[Dataset entries]
lemma norm_powr_diff_le_product:
  fixes x y d :: real and s :: complex
  defines "q \<equiv> (Re s + 1) / 2"
  assumes "x > 0" "y > 0" "d \<ge> 0" "Re s \<ge> -1"
  shows "norm (complex_of_real (x + y) powr (- s) - complex_of_real (x + y + d) powr (- s))
           \<le> norm s * d * (x powr (- q) * y powr (- q))"
proof -
  have "(x + y) powr (- Re s - 1) = (x + y) powr (- q) * (x + y) powr (- q)"
    by (simp add: q_def flip: powr_add)
  also have "\<dots> \<le> x powr (- q) * y powr (- q)"
  proof (rule mult_mono)
    show "(x + y) powr (- q) \<le> x powr (- q)" "(x + y) powr (- q) \<le> y powr (- q)"
      using assms by (auto simp: q_def intro!: powr_mono2')
  qed simp_all
  finally have *: "(x + y) powr (- Re s - 1) \<le> x powr (- q) * y powr (- q)" .
  have "norm (complex_of_real (x + y) powr (- s) - complex_of_real (x + y + d) powr (- s))
          \<le> norm s * (x + y) powr (- Re s - 1) * d"
    using assms by (intro norm_powr_diff_le) auto
  also have "\<dots> \<le> norm s * (x powr (- q) * y powr (- q)) * d"
    using assms * by (intro mult_right_mono mult_left_mono) auto
  finally show ?thesis
    by (simp only: mult_ac)
qed
lemma integral_strata:
  "(\<integral>\<omega>. G (Z \<omega>) \<partial>M) = (\<Sum>z\<in>Zs. G z * measure M {\<omega>\<in>space M. Z \<omega> = z})"
proof -
  interpret finite_measure M by (rule fin)
  have "(\<integral>\<omega>. G (Z \<omega>) \<partial>M) = (\<integral>\<omega>. (\<Sum>z\<in>Zs. G z * indicator {\<omega>\<in>space M. Z \<omega> = z} \<omega>) \<partial>M)"
  proof (rule Bochner_Integration.integral_cong[OF refl])
    fix \<omega> assume "\<omega> \<in> space M"
    then have "(\<Sum>z\<in>Zs. G z * indicator {\<omega>\<in>space M. Z \<omega> = z} \<omega>) = (\<Sum>z\<in>Zs. if Z \<omega> = z then G z else 0)"
      by (intro sum.cong) (auto simp: indicator_def)
    with Zs range \<open>\<omega> \<in> space M\<close> show "G (Z \<omega>) = (\<Sum>z\<in>Zs. G z * indicator {\<omega>\<in>space M. Z \<omega> = z} \<omega>)"
      by simp
  qed
  also have "\<dots> = (\<Sum>z\<in>Zs. (\<integral>\<omega>. G z * indicator {\<omega>\<in>space M. Z \<omega> = z} \<omega> \<partial>M))"
    by (rule Bochner_Integration.integral_sum) (simp add: strata_sets less_top[symmetric])
  also have "\<dots> = (\<Sum>z\<in>Zs. G z * measure M {\<omega>\<in>space M. Z \<omega> = z})"
    using strata_sets by (simp add: emeasure_eq_measure)
  finally show ?thesis .
qed
section \<open>Encoding pairs of periodic words\<close>

definition periodic_word :: "nat \<Rightarrow> nat \<Rightarrow> 'a list \<Rightarrow> bool" where
  "periodic_word L n u \<longleftrightarrow> length u = L + n \<and> take n u = drop L u"

lemma periodic_word_decomp:
  "periodic_word L n u \<Longrightarrow> n \<le> L \<Longrightarrow> u = take L u @ take n (take L u)"
  unfolding periodic_word_def by (metis append_take_drop_id min.absorb1 take_take)

lemma subwords_periodic_word:
  assumes "periodic_word L n u" "n \<le> L" "0 < L"
  shows "subwords n u = cyclic_window n (take L u) ` {..<L}"
  using subwords_append_take[of "take L u" L n] periodic_word_decomp[OF assms(1,2)] assms
  by (simp add: periodic_word_def)

definition rotated_pair :: "nat \<Rightarrow> nat \<Rightarrow> nat \<Rightarrow> 'a list \<times> 'a list \<Rightarrow> 'a list" where
  "rotated_pair L mu mv p = rotate mu (take L (fst p)) @ rotate mv (take L (snd p))"

lemma inj_on_rotated_pair:
  assumes "\<And>p. p \<in> Q \<Longrightarrow> periodic_word L n (fst p) \<and> periodic_word L n (snd p)" "n \<le> L"
  shows "inj_on (rotated_pair L mu mv) Q"
proof (rule inj_onI)
  fix p p' assume p: "p \<in> Q" "p' \<in> Q" and eq: "rotated_pair L mu mv p = rotated_pair L mu mv p'"
  have rotate_inj: "rotate m xs = rotate m ys \<Longrightarrow> xs = ys" for m and xs ys :: "'a list"
    using inj_fn[OF inj_rotate1, of m] unfolding rotate_def by (auto dest: injD)
  have per: "periodic_word L n (fst p)" "periodic_word L n (snd p)"
      "periodic_word L n (fst p')" "periodic_word L n (snd p')"
    using assms(1) p by auto
  then have "length (rotate mu (take L (fst p))) = length (rotate mu (take L (fst p')))"
    by (simp add: periodic_word_def)
  then have "rotate mu (take L (fst p)) = rotate mu (take L (fst p'))"
    "rotate mv (take L (snd p)) = rotate mv (take L (snd p'))"
    using eq by (simp_all add: rotated_pair_def)
  then have "take L (fst p) = take L (fst p')" "take L (snd p) = take L (snd p')"
    using rotate_inj by blast+
  then have "fst p = fst p'" "snd p = snd p'"
    using per periodic_word_decomp[OF _ assms(2)] by metis+
  then show "p = p'" by (simp add: prod_eq_iff)
qed

lemma sum_le_sum_cover:
  fixes f :: "'p \<Rightarrow> real"
  assumes "finite Q" "finite S" "\<And>p. 0 \<le> f p" "\<And>p. p \<in> Q \<Longrightarrow> \<exists>s\<in>S. R s p"
  shows "(\<Sum>p\<in>Q. f p) \<le> (\<Sum>s\<in>S. \<Sum>p\<in>{p\<in>Q. R s p}. f p)"
proof -
  have "(\<Sum>p\<in>Q. f p) \<le> (\<Sum>p\<in>Q. \<Sum>s\<in>S. if R s p then f p else 0)"
  proof (rule sum_mono)
    fix p assume "p \<in> Q"
    then obtain s where "s \<in> S" "R s p" using assms(4) by blast
    then show "f p \<le> (\<Sum>s\<in>S. if R s p then f p else 0)"
      using assms(2,3) member_le_sum[of s S "\<lambda>s. if R s p then f p else 0"] by simp
  qed
  also have "\<dots> = (\<Sum>s\<in>S. \<Sum>p\<in>{p\<in>Q. R s p}. f p)"
    using assms(1) by (subst sum.swap) (simp add: sum.inter_filter)
  finally show ?thesis .
qed

definition pair_schemes :: "nat \<Rightarrow> nat \<Rightarrow> ((nat \<times> nat) \<times> nat option list) set" where
  "pair_schemes L b = Sigma (cut_points L b \<times> cut_points L b) (\<lambda>(mu, mv).
     {srcs. set srcs \<subseteq> insert None (Some ` {..<2 * L}) \<and> length srcs = length (pair_block_lengths b L mu mv)})"

lemma finite_pair_schemes: "finite (pair_schemes L b)"
  unfolding pair_schemes_def
  by (intro finite_SigmaI finite_cartesian_product finite_subset[OF cut_points_subset])
    (auto intro: finite_lists_length_eq)

lemma card_pair_schemes_le:
  assumes "0 < b"
  shows "card (pair_schemes L b) \<le> L * L * (2 * L + 1) ^ (4 * (L div b + 1))"
proof -
  define Bs where "Bs = insert None (Some ` {..<2 * L})"
  have card_Bs: "card Bs = 2 * L + 1" by (simp add: Bs_def card_image)
  have "card (pair_schemes L b) = (\<Sum>(mu, mv)\<in>cut_points L b \<times> cut_points L b.
      card {srcs. set srcs \<subseteq> Bs \<and> length srcs = length (pair_block_lengths b L mu mv)})"
    unfolding pair_schemes_def Bs_def
    by (subst card_SigmaI) (auto intro: finite_subset[OF cut_points_subset] finite_lists_length_eq simp: split_def)
  also have "\<dots> \<le> (\<Sum>(mu, mv)\<in>cut_points L b \<times> cut_points L b. (2 * L + 1) ^ (4 * (L div b + 1)))"
  proof (rule sum_mono, clarify)
    fix mu mv assume "mu \<in> cut_points L b" "mv \<in> cut_points L b"
    then have "length (pair_block_lengths b L mu mv) \<le> 4 * (L div b + 1)"
      using length_pair_block_lengths[OF assms] by (auto simp: cut_points_def)
    then show "card {srcs. set srcs \<subseteq> Bs \<and> length srcs = length (pair_block_lengths b L mu mv)}
        \<le> (2 * L + 1) ^ (4 * (L div b + 1))"
      using card_lists_length_eq[of Bs] card_Bs by (simp add: Bs_def power_increasing)
  qed
  also have "\<dots> = card (cut_points L b) * card (cut_points L b) * (2 * L + 1) ^ (4 * (L div b + 1))"
    by (simp add: card_cartesian_product)
  also have "\<dots> \<le> L * L * (2 * L + 1) ^ (4 * (L div b + 1))"
    using card_mono[OF _ cut_points_subset, of L b] by (intro mult_right_mono mult_mono) auto
  finally show ?thesis .
qed

lemma power_le_powr_of_bound:
  fixes g :: real and a e c m :: nat
  assumes "0 < g" "g \<le> 1" "0 < a" "a * e \<le> a * c + 2 * m * e"
  shows "g ^ c \<le> g powr (real e * (1 - 2 * real m / real a))"
proof -
  have "real a * real e \<le> real a * real c + 2 * real m * real e"
    using assms(4) by (metis of_nat_add of_nat_le_iff of_nat_mult of_nat_numeral)
  then have "real e * (1 - 2 * real m / real a) \<le> real c"
    using assms(3) by (simp add: field_simps)
  then have "g powr real c \<le> g powr (real e * (1 - 2 * real m / real a))"
    using assms(1,2) by (intro powr_mono') auto
  then show ?thesis using assms(1) by (simp add: powr_realpow)
qed

definition scheme_blocks :: "nat \<Rightarrow> nat \<Rightarrow> (nat \<times> nat) \<times> nat option list \<Rightarrow> (nat \<times> nat option) list" where
  "scheme_blocks b L s = zip (pair_block_lengths b L (fst (fst s)) (snd (fst s))) (snd s)"

definition encodes_pair :: "nat \<Rightarrow> nat \<Rightarrow> (nat \<times> nat) \<times> nat option list \<Rightarrow> 'a list \<times> 'a list \<Rightarrow> bool" where
  "encodes_pair b L s p \<longleftrightarrow>
     copy_scheme_valid (scheme_blocks b L s) (rotated_pair L (fst (fst s)) (snd (fst s)) p)"

definition good_pair_schemes :: "nat \<Rightarrow> nat \<Rightarrow> nat \<Rightarrow> nat \<Rightarrow> ((nat \<times> nat) \<times> nat option list) set" where
  "good_pair_schemes L b n e = {s \<in> pair_schemes L b.
     card (cut_points L b) * e \<le> card (cut_points L b) * copied_length (scheme_blocks b L s) + 2 * (n - 1) * e}"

**EXERCISE REQUIREMENTS**
Your answer should consist of the lines above that hold the word "partial".

**ANSWER SECTION**
  "(\<integral>\<omega>. G (Z \<omega>) \<partial>M) = (\<Sum>z\<in>Zs. G z * measure M {\<omega>\<in>space M. Z \<omega> = z})"
  have "(\<integral>\<omega>. G (Z \<omega>) \<partial>M) = (\<integral>\<omega>. (\<Sum>z\<in>Zs. G z * indicator {\<omega>\<in>space M. Z \<omega> = z} \<omega>) \<partial>M)"
  also have "\<dots> = (\<Sum>z\<in>Zs. (\<integral>\<omega>. G z * indicator {\<omega>\<in>space M. Z \<omega> = z} \<omega> \<partial>M))"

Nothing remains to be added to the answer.